Stored entries
++++++++++

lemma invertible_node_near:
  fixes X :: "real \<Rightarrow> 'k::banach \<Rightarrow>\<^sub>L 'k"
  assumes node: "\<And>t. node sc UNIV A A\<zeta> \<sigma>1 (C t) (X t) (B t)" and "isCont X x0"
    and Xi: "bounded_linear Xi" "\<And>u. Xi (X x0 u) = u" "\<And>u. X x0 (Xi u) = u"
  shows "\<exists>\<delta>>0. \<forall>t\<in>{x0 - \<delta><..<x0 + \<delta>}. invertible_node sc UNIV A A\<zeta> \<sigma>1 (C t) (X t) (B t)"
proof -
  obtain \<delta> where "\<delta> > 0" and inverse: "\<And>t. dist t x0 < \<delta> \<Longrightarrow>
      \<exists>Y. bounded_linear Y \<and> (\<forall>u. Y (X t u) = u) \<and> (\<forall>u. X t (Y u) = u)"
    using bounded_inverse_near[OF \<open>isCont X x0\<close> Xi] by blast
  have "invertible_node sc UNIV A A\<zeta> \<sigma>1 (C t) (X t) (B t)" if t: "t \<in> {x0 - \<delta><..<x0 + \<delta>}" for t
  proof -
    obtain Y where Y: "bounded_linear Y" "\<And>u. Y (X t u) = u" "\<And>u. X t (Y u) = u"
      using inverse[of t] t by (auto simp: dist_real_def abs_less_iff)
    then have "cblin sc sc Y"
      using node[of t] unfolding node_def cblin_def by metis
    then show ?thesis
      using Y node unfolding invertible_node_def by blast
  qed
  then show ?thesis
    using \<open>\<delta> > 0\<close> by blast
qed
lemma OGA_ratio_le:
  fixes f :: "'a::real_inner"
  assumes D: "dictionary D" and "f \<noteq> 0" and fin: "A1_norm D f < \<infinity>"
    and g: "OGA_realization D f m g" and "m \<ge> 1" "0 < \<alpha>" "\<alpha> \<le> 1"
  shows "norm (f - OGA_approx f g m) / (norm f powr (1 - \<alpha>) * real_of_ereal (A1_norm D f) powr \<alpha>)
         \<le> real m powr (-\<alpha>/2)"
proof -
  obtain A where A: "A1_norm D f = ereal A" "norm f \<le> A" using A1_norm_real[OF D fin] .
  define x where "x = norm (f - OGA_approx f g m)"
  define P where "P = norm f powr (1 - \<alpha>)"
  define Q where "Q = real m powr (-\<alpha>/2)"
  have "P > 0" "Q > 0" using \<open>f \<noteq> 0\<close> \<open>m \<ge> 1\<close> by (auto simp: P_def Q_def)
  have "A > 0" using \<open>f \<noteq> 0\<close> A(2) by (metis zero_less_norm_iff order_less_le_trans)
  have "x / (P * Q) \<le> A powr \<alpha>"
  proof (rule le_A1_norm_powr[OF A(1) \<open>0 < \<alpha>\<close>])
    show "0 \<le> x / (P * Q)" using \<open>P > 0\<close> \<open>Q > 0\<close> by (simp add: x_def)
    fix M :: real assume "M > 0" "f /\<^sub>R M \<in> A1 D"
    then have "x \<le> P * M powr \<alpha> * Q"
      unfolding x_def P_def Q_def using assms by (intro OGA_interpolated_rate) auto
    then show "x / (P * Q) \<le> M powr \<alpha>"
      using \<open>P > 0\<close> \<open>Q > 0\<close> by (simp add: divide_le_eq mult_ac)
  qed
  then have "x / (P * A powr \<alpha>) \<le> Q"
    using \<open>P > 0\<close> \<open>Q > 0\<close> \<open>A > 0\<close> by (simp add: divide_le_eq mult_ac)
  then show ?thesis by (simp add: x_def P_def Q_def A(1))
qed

++++++++++

DESCRIPTION OF THE TASK ->
The answer must be a single number: how many lines above contain "sigma".

TASK ANSWER ->
3